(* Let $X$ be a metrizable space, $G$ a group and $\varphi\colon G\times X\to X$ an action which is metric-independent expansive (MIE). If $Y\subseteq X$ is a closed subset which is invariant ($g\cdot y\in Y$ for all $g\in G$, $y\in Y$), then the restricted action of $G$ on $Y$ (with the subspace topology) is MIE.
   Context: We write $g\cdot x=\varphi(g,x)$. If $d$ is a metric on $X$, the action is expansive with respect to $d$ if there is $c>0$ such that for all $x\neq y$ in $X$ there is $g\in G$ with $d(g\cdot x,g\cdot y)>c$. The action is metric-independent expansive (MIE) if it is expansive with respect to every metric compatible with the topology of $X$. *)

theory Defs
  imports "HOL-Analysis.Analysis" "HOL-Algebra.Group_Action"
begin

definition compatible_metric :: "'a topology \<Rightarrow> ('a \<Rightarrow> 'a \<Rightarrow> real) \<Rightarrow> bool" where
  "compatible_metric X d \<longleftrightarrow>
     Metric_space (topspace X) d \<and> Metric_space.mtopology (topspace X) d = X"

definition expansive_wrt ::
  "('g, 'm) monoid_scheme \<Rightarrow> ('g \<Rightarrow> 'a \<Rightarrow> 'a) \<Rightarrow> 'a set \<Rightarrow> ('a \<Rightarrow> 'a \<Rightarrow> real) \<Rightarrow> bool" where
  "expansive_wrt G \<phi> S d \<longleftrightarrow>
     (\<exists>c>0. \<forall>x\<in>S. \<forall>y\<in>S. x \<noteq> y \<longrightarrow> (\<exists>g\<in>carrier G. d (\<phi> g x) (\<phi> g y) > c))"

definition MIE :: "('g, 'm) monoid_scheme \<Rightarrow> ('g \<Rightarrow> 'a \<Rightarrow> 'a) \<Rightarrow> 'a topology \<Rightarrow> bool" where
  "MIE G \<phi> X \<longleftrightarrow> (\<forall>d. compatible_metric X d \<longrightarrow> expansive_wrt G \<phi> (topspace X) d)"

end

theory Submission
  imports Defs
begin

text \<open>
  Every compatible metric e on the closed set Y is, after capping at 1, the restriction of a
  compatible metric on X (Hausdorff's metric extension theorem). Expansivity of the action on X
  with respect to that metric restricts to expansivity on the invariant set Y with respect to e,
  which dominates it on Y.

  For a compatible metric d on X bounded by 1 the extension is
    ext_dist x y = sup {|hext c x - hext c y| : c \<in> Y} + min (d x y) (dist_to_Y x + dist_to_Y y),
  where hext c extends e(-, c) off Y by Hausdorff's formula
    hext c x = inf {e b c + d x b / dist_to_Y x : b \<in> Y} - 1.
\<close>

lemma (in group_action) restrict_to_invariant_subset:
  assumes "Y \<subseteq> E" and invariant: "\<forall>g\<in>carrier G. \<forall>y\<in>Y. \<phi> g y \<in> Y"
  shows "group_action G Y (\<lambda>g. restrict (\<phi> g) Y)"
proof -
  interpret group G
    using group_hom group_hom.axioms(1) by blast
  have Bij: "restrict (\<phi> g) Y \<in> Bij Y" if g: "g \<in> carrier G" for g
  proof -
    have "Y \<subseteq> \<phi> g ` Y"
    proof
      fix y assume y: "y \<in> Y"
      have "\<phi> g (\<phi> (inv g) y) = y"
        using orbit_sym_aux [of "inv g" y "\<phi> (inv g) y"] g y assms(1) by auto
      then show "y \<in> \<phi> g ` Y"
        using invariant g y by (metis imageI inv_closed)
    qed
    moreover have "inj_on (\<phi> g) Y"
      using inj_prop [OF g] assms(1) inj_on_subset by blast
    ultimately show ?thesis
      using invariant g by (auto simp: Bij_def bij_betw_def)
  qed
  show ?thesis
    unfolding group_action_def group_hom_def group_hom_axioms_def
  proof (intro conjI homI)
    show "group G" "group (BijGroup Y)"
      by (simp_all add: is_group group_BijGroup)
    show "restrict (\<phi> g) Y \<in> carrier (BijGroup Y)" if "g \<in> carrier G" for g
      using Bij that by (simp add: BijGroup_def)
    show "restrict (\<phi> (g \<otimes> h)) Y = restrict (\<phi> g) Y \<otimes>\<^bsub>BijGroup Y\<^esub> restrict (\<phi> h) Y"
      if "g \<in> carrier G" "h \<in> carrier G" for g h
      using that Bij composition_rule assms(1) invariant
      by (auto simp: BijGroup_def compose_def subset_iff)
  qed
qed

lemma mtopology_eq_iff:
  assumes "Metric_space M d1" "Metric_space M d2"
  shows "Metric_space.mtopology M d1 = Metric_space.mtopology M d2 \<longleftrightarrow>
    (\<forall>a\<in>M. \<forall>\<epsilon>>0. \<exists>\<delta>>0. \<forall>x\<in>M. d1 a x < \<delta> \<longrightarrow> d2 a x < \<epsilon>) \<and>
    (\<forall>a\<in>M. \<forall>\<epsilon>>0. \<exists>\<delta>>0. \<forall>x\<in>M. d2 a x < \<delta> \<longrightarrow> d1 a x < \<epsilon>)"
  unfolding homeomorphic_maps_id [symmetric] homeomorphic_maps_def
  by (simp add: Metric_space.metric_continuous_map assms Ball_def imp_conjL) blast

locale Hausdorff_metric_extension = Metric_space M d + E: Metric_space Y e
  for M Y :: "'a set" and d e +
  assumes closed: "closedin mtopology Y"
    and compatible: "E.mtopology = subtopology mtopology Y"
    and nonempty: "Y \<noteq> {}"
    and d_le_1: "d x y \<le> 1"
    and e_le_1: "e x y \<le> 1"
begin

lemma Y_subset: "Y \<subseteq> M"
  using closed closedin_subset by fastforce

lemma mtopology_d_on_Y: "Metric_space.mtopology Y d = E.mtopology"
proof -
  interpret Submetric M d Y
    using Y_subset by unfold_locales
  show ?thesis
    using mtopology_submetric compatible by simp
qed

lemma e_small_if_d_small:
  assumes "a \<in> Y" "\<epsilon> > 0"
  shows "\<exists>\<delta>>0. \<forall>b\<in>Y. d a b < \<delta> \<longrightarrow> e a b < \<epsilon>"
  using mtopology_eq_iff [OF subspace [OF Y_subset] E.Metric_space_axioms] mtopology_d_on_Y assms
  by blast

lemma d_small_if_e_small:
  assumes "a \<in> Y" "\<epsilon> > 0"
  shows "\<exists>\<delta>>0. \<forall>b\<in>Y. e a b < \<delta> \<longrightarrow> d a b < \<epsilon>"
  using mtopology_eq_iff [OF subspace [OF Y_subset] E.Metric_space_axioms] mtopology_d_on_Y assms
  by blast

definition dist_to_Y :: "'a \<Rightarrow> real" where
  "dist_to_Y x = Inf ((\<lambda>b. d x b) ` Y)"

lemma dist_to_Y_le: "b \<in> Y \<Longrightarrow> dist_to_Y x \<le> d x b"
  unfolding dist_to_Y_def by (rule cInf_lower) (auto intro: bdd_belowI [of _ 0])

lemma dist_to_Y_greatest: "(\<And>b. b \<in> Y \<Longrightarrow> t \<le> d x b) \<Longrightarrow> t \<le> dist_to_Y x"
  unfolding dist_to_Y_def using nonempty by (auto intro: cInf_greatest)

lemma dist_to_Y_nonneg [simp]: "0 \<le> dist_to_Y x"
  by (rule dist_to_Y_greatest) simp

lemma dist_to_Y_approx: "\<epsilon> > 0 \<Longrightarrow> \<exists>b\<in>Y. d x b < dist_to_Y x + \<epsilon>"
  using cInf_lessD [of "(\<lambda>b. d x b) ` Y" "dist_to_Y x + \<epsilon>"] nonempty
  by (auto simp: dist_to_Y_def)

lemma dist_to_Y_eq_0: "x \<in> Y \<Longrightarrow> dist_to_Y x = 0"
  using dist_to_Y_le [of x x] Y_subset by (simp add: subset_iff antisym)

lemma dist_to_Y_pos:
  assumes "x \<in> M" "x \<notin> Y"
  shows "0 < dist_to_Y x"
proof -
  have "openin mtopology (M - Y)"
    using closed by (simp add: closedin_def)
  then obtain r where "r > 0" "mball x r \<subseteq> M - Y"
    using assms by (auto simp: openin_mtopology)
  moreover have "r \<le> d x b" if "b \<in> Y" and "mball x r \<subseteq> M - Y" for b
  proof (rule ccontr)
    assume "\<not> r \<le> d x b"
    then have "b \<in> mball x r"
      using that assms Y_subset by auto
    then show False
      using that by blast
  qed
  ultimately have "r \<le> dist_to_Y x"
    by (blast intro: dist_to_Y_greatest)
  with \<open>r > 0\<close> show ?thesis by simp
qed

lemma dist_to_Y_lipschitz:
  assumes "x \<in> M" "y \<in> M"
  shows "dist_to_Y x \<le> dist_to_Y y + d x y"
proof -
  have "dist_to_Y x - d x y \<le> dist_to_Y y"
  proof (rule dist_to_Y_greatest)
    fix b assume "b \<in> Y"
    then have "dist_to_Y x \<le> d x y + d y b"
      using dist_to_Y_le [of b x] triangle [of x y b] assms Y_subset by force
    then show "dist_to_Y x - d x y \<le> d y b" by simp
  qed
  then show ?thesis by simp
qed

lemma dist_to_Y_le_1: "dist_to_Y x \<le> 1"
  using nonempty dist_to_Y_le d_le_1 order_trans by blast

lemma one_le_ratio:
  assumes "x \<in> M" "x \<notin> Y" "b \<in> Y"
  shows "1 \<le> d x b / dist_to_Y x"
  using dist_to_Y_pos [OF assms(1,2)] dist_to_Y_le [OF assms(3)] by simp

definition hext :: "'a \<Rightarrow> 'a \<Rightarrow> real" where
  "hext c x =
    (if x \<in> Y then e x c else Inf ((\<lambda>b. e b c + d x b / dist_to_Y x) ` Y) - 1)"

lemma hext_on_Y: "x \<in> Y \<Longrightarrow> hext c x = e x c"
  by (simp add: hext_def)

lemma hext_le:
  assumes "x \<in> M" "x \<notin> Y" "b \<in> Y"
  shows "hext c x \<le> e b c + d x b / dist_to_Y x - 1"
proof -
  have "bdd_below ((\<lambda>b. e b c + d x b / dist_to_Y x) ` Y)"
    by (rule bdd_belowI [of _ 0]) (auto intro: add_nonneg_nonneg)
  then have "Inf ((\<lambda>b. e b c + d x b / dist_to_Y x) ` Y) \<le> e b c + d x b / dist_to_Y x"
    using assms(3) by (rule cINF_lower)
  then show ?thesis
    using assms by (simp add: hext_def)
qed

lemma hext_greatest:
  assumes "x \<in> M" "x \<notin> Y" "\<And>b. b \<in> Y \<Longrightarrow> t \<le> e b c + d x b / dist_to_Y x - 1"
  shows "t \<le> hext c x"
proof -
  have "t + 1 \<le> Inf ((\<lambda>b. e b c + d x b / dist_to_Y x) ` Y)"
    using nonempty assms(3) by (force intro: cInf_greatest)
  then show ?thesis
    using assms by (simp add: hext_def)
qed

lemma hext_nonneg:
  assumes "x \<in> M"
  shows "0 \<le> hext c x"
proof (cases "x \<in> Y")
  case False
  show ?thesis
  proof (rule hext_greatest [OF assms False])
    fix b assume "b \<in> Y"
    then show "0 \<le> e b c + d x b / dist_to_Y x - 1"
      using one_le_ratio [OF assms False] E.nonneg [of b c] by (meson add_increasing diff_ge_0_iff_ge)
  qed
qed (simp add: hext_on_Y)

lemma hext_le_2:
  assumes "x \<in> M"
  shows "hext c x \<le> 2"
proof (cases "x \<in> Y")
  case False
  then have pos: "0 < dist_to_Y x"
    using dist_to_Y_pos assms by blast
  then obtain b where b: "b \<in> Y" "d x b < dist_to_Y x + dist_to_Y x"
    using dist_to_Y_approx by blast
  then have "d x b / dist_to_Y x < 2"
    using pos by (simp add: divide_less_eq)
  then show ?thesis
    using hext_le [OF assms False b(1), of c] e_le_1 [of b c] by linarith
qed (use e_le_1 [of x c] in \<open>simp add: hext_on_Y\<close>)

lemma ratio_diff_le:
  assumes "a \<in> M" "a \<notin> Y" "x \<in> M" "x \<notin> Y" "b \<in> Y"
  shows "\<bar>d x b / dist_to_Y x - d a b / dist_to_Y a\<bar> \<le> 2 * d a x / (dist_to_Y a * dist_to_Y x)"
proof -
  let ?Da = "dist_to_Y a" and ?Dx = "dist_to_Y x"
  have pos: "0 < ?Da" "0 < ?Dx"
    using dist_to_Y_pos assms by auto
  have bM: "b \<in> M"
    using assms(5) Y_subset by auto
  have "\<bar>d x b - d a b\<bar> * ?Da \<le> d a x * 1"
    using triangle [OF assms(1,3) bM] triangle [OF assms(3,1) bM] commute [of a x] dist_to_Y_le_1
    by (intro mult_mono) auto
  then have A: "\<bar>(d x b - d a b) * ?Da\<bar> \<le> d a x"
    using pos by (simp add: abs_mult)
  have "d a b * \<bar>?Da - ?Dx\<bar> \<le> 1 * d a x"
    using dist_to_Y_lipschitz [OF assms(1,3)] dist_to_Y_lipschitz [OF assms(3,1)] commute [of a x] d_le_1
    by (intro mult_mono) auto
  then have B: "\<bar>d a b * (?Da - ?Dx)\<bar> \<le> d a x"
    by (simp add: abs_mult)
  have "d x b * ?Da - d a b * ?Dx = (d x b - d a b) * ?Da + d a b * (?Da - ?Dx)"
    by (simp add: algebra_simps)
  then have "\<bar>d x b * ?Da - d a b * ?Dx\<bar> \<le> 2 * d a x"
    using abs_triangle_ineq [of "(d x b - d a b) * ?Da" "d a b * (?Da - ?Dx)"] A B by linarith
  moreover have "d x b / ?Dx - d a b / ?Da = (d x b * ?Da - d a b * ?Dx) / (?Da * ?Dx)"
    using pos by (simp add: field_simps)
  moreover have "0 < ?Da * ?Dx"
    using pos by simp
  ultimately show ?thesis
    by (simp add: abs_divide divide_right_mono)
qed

○ ○ ○ ○ ○ ○ ○

*ACTIVITY:*
Which lines in the listing above include the string "obtain"? Copy each of them.

*EXERCISE RESULT:*
  then obtain r where "r > 0" "mball x r \<subseteq> M - Y"
  then obtain b where b: "b \<in> Y" "d x b < dist_to_Y x + dist_to_Y x"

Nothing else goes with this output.